:: Data shown ::
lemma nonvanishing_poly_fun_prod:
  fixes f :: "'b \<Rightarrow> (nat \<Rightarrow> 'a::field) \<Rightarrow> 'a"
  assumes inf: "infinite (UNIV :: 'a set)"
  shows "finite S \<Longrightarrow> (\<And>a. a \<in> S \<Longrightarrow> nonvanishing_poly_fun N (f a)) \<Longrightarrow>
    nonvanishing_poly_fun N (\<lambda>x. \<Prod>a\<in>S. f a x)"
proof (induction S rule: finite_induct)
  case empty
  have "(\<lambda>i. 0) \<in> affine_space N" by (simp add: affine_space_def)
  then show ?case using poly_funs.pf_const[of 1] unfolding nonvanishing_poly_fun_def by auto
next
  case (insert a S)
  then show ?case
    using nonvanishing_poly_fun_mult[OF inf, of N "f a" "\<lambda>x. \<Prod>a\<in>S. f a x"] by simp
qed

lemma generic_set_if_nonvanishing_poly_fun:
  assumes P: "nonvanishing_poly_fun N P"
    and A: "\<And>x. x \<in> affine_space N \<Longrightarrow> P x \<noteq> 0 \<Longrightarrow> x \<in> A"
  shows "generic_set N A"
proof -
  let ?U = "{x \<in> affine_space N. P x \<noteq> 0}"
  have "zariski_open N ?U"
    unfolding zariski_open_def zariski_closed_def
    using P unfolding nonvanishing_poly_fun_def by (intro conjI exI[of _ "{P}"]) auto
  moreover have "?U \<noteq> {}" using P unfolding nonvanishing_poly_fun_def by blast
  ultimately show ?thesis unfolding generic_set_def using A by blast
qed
:::
:: Data shown ::
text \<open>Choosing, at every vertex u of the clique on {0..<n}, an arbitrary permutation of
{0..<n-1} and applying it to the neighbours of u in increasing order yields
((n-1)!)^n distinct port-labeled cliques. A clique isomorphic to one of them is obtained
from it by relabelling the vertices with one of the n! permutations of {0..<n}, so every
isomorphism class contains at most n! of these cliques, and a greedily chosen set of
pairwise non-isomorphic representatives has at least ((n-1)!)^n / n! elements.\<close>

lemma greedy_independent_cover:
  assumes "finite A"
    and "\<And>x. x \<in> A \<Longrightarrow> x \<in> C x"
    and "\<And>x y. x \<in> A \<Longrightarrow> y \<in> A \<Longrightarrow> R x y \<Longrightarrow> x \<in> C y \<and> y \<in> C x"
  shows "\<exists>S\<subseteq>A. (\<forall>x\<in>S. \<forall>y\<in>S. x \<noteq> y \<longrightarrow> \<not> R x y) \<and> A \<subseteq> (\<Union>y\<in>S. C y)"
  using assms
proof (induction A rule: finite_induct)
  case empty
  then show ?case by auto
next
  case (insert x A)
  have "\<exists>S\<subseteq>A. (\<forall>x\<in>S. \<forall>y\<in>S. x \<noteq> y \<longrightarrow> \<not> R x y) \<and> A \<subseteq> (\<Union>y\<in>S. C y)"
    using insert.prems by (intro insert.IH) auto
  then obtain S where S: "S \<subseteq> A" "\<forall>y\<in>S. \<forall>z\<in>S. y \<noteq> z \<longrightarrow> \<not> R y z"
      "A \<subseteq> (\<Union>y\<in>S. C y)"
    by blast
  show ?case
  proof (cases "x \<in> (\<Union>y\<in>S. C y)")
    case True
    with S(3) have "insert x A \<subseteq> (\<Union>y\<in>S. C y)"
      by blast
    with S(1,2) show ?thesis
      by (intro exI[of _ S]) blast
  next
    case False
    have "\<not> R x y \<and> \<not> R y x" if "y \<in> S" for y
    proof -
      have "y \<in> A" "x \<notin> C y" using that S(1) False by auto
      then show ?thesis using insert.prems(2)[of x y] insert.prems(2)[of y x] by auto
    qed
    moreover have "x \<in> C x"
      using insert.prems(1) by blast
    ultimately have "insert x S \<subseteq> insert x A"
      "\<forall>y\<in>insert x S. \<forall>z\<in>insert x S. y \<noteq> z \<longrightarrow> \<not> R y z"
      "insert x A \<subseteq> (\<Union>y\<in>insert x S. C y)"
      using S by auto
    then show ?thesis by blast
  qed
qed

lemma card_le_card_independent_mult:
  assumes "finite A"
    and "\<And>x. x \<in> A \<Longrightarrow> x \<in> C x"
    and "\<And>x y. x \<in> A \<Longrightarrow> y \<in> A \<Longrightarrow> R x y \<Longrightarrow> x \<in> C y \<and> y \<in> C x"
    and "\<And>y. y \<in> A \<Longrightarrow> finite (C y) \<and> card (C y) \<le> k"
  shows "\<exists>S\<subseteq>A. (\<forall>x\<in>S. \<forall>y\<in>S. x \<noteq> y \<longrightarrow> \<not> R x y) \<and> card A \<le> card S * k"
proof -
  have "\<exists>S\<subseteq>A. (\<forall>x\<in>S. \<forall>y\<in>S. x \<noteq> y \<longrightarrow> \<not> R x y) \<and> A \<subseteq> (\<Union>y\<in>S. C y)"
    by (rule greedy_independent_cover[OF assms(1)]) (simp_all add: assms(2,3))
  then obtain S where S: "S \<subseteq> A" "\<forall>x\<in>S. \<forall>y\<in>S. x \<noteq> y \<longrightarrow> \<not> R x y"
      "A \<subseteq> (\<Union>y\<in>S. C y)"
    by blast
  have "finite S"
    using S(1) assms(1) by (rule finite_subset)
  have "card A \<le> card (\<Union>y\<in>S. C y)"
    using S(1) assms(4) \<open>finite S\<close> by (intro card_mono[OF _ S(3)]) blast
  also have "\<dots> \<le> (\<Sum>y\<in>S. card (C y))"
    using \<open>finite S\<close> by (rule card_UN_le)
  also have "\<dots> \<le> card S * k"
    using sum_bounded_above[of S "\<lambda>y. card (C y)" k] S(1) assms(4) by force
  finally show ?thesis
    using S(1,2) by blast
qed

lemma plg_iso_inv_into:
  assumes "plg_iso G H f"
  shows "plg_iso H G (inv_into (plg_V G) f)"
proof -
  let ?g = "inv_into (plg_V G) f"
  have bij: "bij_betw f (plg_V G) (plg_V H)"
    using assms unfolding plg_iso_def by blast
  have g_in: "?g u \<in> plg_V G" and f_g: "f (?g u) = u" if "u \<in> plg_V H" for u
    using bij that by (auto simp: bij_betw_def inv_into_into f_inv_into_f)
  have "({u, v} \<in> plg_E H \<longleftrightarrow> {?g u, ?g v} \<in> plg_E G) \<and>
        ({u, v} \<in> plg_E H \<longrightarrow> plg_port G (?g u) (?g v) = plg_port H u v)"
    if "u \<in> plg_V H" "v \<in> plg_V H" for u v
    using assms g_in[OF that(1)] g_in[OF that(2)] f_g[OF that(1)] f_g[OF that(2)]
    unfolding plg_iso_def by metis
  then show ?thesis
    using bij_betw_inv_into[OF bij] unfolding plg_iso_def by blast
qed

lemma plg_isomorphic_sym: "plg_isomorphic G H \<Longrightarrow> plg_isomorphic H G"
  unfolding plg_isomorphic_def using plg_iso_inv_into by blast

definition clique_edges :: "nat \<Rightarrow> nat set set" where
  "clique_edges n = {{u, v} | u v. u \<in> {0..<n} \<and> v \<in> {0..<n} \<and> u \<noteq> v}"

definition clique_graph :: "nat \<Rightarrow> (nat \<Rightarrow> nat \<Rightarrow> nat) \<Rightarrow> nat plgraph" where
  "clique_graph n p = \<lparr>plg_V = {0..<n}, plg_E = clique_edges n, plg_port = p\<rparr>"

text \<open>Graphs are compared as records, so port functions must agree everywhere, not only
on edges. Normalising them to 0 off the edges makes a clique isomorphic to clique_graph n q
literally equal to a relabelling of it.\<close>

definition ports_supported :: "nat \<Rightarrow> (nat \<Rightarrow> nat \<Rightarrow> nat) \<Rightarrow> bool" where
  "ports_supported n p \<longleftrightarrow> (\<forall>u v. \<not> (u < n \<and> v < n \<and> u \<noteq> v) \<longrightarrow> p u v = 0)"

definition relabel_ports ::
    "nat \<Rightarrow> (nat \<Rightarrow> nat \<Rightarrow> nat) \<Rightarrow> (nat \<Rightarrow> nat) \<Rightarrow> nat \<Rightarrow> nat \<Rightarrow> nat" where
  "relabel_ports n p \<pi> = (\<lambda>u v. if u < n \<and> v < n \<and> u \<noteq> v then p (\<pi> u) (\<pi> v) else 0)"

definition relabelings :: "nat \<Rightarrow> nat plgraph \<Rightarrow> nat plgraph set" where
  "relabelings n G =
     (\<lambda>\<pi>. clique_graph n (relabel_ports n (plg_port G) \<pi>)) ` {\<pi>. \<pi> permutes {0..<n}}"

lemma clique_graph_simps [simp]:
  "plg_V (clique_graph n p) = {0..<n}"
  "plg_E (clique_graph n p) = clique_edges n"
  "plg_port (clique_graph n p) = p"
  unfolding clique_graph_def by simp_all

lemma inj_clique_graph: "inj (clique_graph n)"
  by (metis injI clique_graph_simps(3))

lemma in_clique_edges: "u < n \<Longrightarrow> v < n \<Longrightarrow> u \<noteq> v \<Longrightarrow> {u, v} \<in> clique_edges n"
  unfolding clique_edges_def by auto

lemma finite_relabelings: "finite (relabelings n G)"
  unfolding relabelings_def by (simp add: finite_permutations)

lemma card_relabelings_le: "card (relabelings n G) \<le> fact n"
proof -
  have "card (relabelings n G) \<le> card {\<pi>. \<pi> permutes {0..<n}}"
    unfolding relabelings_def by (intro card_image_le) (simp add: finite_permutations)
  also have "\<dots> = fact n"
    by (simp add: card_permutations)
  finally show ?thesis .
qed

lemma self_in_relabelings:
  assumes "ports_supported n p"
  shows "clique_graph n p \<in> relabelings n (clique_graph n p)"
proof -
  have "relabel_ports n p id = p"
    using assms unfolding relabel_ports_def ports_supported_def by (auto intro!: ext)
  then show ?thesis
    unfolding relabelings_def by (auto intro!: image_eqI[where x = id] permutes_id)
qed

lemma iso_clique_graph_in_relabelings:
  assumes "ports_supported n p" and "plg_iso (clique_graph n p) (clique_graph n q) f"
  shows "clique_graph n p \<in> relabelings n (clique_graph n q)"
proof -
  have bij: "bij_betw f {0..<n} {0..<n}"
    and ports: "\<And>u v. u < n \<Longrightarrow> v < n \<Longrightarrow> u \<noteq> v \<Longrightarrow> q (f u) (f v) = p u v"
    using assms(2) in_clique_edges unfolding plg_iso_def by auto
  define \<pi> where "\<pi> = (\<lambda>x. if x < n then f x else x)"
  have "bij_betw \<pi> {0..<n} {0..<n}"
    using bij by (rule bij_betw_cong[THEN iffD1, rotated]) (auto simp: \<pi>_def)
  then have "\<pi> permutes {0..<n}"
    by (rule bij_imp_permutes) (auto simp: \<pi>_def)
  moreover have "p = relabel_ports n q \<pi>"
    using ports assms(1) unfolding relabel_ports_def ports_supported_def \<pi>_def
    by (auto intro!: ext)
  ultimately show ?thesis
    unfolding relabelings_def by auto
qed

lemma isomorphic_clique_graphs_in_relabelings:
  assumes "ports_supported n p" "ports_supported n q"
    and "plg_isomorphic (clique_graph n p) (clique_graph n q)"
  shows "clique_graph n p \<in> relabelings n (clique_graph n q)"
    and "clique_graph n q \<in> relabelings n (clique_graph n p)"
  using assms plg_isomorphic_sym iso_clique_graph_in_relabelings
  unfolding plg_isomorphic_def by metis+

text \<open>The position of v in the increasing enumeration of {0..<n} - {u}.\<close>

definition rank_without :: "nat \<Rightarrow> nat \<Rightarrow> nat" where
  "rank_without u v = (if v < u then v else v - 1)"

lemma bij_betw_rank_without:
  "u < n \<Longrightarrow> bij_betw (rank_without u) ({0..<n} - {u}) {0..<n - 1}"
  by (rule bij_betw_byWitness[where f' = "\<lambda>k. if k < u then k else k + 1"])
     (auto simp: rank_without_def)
:::
:: Data shown ::
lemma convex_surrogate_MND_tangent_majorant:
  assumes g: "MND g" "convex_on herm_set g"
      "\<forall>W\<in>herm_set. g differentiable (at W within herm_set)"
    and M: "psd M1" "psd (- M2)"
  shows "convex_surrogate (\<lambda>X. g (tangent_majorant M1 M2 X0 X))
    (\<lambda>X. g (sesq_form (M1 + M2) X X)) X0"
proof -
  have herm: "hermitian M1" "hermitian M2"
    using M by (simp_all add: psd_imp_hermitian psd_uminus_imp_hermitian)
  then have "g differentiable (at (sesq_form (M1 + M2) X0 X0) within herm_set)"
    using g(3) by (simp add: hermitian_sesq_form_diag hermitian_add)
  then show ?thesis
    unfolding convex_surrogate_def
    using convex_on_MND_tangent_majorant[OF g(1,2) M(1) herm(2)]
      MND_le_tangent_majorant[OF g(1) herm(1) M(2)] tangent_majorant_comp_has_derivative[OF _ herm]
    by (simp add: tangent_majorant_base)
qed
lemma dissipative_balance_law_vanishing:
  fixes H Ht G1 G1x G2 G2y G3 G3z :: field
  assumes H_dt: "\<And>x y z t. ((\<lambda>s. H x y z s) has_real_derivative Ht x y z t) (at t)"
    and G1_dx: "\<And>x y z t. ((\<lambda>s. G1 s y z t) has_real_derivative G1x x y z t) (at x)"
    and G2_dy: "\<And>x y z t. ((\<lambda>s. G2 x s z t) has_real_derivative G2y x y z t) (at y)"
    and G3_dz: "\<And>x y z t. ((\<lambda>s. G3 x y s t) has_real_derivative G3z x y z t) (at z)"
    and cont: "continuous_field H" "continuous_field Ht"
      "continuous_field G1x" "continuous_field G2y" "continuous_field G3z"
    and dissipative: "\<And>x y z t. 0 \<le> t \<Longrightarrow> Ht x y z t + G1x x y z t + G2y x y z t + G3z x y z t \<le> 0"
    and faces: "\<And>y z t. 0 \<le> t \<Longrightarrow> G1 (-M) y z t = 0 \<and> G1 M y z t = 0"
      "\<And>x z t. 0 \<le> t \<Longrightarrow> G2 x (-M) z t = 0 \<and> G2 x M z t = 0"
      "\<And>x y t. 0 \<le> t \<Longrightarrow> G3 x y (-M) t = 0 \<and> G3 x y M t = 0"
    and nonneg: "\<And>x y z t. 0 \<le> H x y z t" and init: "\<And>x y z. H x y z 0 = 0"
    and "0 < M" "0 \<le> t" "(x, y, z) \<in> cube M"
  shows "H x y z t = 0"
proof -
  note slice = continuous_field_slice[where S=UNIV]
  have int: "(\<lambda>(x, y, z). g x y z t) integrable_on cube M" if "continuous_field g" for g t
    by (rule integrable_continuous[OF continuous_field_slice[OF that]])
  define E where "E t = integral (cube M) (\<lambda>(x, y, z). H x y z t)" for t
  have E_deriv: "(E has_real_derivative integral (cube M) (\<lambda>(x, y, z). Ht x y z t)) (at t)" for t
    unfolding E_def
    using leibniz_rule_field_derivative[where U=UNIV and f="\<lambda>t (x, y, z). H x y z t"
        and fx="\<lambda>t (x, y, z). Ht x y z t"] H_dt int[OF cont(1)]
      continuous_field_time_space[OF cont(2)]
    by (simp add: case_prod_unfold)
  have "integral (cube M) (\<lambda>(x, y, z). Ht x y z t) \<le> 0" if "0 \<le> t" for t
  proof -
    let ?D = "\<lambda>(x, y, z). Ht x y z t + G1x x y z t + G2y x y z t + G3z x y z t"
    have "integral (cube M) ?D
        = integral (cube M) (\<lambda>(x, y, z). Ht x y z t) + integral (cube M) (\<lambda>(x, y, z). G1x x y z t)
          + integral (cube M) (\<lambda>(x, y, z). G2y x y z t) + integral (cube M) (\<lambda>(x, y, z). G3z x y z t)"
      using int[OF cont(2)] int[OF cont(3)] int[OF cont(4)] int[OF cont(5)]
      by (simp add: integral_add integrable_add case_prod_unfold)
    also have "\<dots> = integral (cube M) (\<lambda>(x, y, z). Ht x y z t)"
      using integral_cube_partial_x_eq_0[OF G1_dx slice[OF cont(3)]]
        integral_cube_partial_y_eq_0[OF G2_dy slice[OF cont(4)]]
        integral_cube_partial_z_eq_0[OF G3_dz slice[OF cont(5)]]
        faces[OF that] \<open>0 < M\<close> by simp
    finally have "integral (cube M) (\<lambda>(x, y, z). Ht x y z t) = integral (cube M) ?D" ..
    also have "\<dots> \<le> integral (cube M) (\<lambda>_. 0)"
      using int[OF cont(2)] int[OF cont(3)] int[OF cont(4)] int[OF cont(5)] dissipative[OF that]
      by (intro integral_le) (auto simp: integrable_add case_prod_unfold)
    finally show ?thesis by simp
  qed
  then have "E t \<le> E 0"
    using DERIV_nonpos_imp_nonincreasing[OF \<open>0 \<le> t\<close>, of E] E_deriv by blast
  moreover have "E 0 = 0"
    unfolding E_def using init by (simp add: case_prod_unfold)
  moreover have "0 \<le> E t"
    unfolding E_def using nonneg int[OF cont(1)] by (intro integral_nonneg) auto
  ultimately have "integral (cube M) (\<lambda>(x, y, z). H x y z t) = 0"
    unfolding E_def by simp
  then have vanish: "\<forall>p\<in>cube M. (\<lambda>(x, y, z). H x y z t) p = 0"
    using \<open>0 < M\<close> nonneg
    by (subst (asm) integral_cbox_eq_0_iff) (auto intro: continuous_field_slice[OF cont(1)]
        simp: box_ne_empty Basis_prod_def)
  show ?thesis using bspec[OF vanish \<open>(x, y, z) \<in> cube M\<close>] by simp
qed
:::
- Task to complete -
As the answer, set down only the lines from the data above between the one holding "H_dt int[OF cont(1)]" and the one holding "(\<lambda>(x, y, z). G2y", inclusive, exactly as they read.

- Expected answer -
        and fx="\<lambda>t (x, y, z). Ht x y z t"] H_dt int[OF cont(1)]
      continuous_field_time_space[OF cont(2)]
    by (simp add: case_prod_unfold)
  have "integral (cube M) (\<lambda>(x, y, z). Ht x y z t) \<le> 0" if "0 \<le> t" for t
  proof -
    let ?D = "\<lambda>(x, y, z). Ht x y z t + G1x x y z t + G2y x y z t + G3z x y z t"
    have "integral (cube M) ?D
        = integral (cube M) (\<lambda>(x, y, z). Ht x y z t) + integral (cube M) (\<lambda>(x, y, z). G1x x y z t)
          + integral (cube M) (\<lambda>(x, y, z). G2y x y z t) + integral (cube M) (\<lambda>(x, y, z). G3z x y z t)"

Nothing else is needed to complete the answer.